The Grouse used to have a fine voice and a good halloo in the ballplay. All the animals and birds used to play ball in those days and were just as proud of a loud halloo as the ball players of today. The Turkey had not a good voice, so he asked the Grouse to give him lessons. The Grouse agreed to teach him, but wanted pay for his trouble, and the Turkey promised to give him some feathers to make himself a collar. That is how the Grouse got his collar of turkey feathers. They began the lessons and the Turkey learned very fast until the Grouse thought it was time to try his voice. “Now,” said the Grouse, “I’ll stand on this hollow log, and when I give the signal by tapping on it, you must halloo as loudly as you can.” So he got upon the log ready to tap on it, as a Grouse does, but when he gave the signal the Turkey was so eager and excited that he could not raise his voice for a shout, but only gobbled, and ever since then he gobbles whenever he hears a noise.

How the Wildcat Caught the Gobbler

The Wildcat once caught the Rabbit and was about to kill him, when the Rabbit begged for his life, saying: “I’m so small I would make only a mouthful for you, but if you let me go I’ll show you where you can get a whole drove of Turkeys.” So the Wildcat let him up and went with him to where the Turkeys were.

When they came near the place the Rabbit said to the Wildcat, “Now, you must do just as I say. Lie down as if you were dead and don’t move, even if I kick you, but when I give the word jump up and catch the largest one there.” The Wildcat agreed and stretched out as if dead, while the Rabbit gathered some rotten wood and crumbled it over his eyes and nose to make them look flyblown, so that the Turkeys would think he had been dead some time.

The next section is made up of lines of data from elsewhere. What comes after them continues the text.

lemma vecs_eq_modI:
  "(\<And>i. i < n \<Longrightarrow> x i mod 3 = y i mod 3) \<Longrightarrow> x \<in> vecs n \<Longrightarrow> y \<in> vecs n \<Longrightarrow> x = y"
  by (rule vecs_eqI) (simp_all add: vecs_component_mod_3)

lemma restrict_in_vecs: "(\<And>i. i < n \<Longrightarrow> f i \<in> F3) \<Longrightarrow> restrict f {..<n} \<in> vecs n"
  unfolding vecs_def by simp

lemma restrict_mod_3_in_vecs [simp]: "restrict (\<lambda>i. f i mod 3) {..<n} \<in> vecs n"
  unfolding vecs_def by auto

lemma finite_vecs [simp]: "finite (vecs n)"
  unfolding vecs_def by (simp add: finite_PiE)

lemma card_vecs [simp]: "card (vecs n) = 3 ^ n"
  unfolding vecs_def by (simp add: card_PiE)

lemma vzero_in_vecs [simp]: "vzero n \<in> vecs n"
  unfolding vzero_def vecs_def F3_def by auto

lemma vadd_in_vecs [simp]: "vadd n x y \<in> vecs n"
  unfolding vadd_def by simp

lemma smul_in_vecs [simp]: "smul n c x \<in> vecs n"
  unfolding smul_def by simp

lemma vdiff_in_vecs [simp]: "vdiff n x y \<in> vecs n"
  unfolding vdiff_def by simp

lemma comb2_in_vecs [simp]: "comb2 n l x m y \<in> vecs n"
  unfolding comb2_def by simp

lemma comb2_eq_vzero: "comb2 n 0 x 0 y = vzero n"
  unfolding comb2_def vzero_def by simp

lemma vzero_apply [simp]: "i < n \<Longrightarrow> vzero n i = 0"
  unfolding vzero_def by simp

lemma vadd_apply [simp]: "i < n \<Longrightarrow> vadd n x y i = (x i + y i) mod 3"
  unfolding vadd_def by simp

lemma smul_apply [simp]: "i < n \<Longrightarrow> smul n c x i = (c * x i) mod 3"
  unfolding smul_def by simp

lemma vdiff_apply [simp]: "i < n \<Longrightarrow> vdiff n x y i = (x i - y i) mod 3"
  unfolding vdiff_def by simp

lemma vadd_vdiff: "x \<in> vecs n \<Longrightarrow> vadd n y (vdiff n x y) = x"
  by (rule vecs_eq_modI) (simp_all add: mod_simps)

lemma vdiff_vadd: "x \<in> vecs n \<Longrightarrow> vdiff n (vadd n y x) y = x"
  by (rule vecs_eq_modI) (simp_all add: mod_simps)

lemma vadd_left_cancel: "x \<in> vecs n \<Longrightarrow> y \<in> vecs n \<Longrightarrow> vadd n p x = vadd n p y \<longleftrightarrow> x = y"
  using vdiff_vadd by metis

lemma vdiff_right_cancel: "x \<in> vecs n \<Longrightarrow> y \<in> vecs n \<Longrightarrow> vdiff n x p = vdiff n y p \<longleftrightarrow> x = y"
  using vadd_vdiff by metis

lemma inj_on_vadd: "K \<subseteq> vecs n \<Longrightarrow> inj_on (vadd n p) K"
  by (rule inj_onI) (use vadd_left_cancel in blast)

lemma vadd_vzero: "x \<in> vecs n \<Longrightarrow> vadd n x (vzero n) = x"
  by (rule vecs_eq_modI) simp_all

lemma vdiff_self: "vdiff n x x = vzero n"
  unfolding vdiff_def vzero_def by simp

lemma vdiff_eq_vzero_iff: "x \<in> vecs n \<Longrightarrow> y \<in> vecs n \<Longrightarrow> vdiff n x y = vzero n \<longleftrightarrow> x = y"
  by (metis vadd_vdiff vadd_vzero vdiff_self)

lemma smul_0: "smul n 0 x = vzero n"
  unfolding smul_def vzero_def by simp

lemma smul_1: "x \<in> vecs n \<Longrightarrow> smul n 1 x = x"
  by (rule vecs_eq_modI) simp_all

lemma lincomb_eq: "lincomb n d c v = restrict (\<lambda>i. (\<Sum>j<d. c j * v j i) mod 3) {..<n}"
proof (induction d)
  case 0
  show ?case by (simp add: vzero_def)
next
  case (Suc d)
  show ?case
  proof
    fix i
    show "lincomb n (Suc d) c v i = restrict (\<lambda>i. (\<Sum>j<Suc d. c j * v j i) mod 3) {..<n} i"
      by (cases "i < n") (simp_all add: Suc vadd_def smul_def mod_add_eq)
  qed
qed

lemma lincomb_in_vecs [simp]: "lincomb n d c v \<in> vecs n"
  unfolding lincomb_eq by simp

lemma dot_in_F3 [simp]: "dot n x y \<in> F3"
  unfolding dot_def by simp

lemma dot_commute: "dot n x y = dot n y x"
  unfolding dot_def by (simp add: mult.commute)

lemma sum_mod_3_cong:
  "(\<And>j. j \<in> A \<Longrightarrow> f j mod 3 = g j mod 3) \<Longrightarrow> sum f A mod 3 = sum g A mod (3::int)"
  by (metis (mono_tags) mod_sum_eq sum.cong)

lemma mod_3_lin_comb_cong: "(l * (a mod 3) + m * (b mod 3)) mod 3 = (l * a + m * b) mod (3::int)"
proof -
  have "(l * (a mod 3) + m * (b mod 3)) mod 3 = ((l * (a mod 3)) mod 3 + (m * (b mod 3)) mod 3) mod 3"
    by (rule mod_add_eq[symmetric])
  also have "\<dots> = (l * a + m * b) mod 3"
    by (simp only: mod_mult_right_eq mod_add_eq)
  finally show ?thesis .
qed

lemma mod_3_solve_linear:
  assumes "c \<in> F3" "c \<noteq> 0" "(s + c * x) mod 3 = 0"
  shows "x mod 3 = (2 * c * s) mod (3::int)"
  using F3_cases[OF assms(1)] assms(2,3) by (elim disjE) (simp_all, presburger+)

lemma mult_square_mod_3:
  assumes "(d::int) mod 3 \<noteq> 0"
  shows "(c * (d * d)) mod 3 = c mod 3"
proof -
  have "d mod 3 = 1 \<or> d mod 3 = 2"
    using assms by presburger
  moreover have "(d * d) mod 3 = ((d mod 3) * (d mod 3)) mod 3"
    by (simp add: mod_mult_eq)
  ultimately have "(d * d) mod 3 = 1"
    by auto
  have "(c * (d * d)) mod 3 = (c * ((d * d) mod 3)) mod 3"
    by (rule mod_mult_right_eq[symmetric])
  then show ?thesis
    using \<open>(d * d) mod 3 = 1\<close> by simp
qed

Then the Rabbit went over to the Turkeys and said, in a sociable way, “Here, I’ve found our old enemy, the Wildcat, lying dead in the trail. Let’s have a dance over him.” The Turkeys were very doubtful, but finally went with him to where the Wildcat was lying in the road as if dead. Now, the Rabbit had a good voice and was a great dance leader, so he said, “I’ll lead the song and you dance around him.” The Turkeys thought that fine, so the Rabbit took a stick to beat time and began to sing: “Gălăgi′na hasuyak′, Gălăgi′na hasuyak′ (pick out the Gobbler, pick out the Gobbler).”

“Why do you say that?” said the old Turkey. “O, that’s all right,” said the Rabbit, “that’s just the way he does, and we sing about it.” He started the song again and the Turkeys began to dance around the Wildcat. When they had gone around several times the Rabbit said, “Now go up and hit him, as we do in the war dance.” So the Turkeys, thinking the Wildcat surely dead, crowded in close around him and the old gobbler kicked him. Then the Rabbit drummed hard and sang his loudest, “Pick out the Gobbler, pick out the Gobbler,” and the Wildcat jumped up and caught the Gobbler.